theorem lemma7p1:
  fixes F :: "'a::field set" and a :: "'a ^ 'n::finite" and lam :: 'a
  assumes char2: "(2::'a) = 0"
    and subF: "is_subfield F"
    and fin: "finite_ext F"
    and coeffs: "\<forall>i. a $ i \<in> F"
    and nonzero: "\<exists>i. a $ i \<noteq> 0"
    and hlam: "lam \<noteq> 0"
    and G: "lam \<in> sim_factors a"
  shows "separable_ext F (adjoin F lam) \<or> \<not> separable_ext (adjoin F lam) UNIV"
  \<comment> \<open>\<open>hlam\<close> is redundant: \<open>sim_factors a\<close> only contains nonzero factors.\<close>
proof (rule disjCI)
  interpret finite_extension F using subF fin by unfold_locales
  assume "\<not> \<not> separable_ext (adjoin F lam) UNIV"
  then have sep: "separable_elem (adjoin F lam) \<alpha>" for \<alpha>
    by (simp add: separable_ext_def)
  have "adjoin F lam \<subseteq> square_span F"
    unfolding adjoin_def
    using is_subfield_square_span[OF char2] mem_square_span
      sim_factor_mem_square_span[OF coeffs nonzero G]
    by (intro Inter_lower) auto
  then have "square_span F = UNIV"
    using separable_mem_square_span[OF char2 _ sep] by blast
  then show "separable_ext F (adjoin F lam)"
    using exists_minpoly minpoly_separable[OF char2]
    unfolding separable_ext_def separable_elem_def by blast
qed

end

=== What the exercise asks ===
Filter the records above and copy every line that contains the word "noteq".

=== Written answer ===
    and nonzero: "\<exists>i. a $ i \<noteq> 0"
    and hlam: "lam \<noteq> 0"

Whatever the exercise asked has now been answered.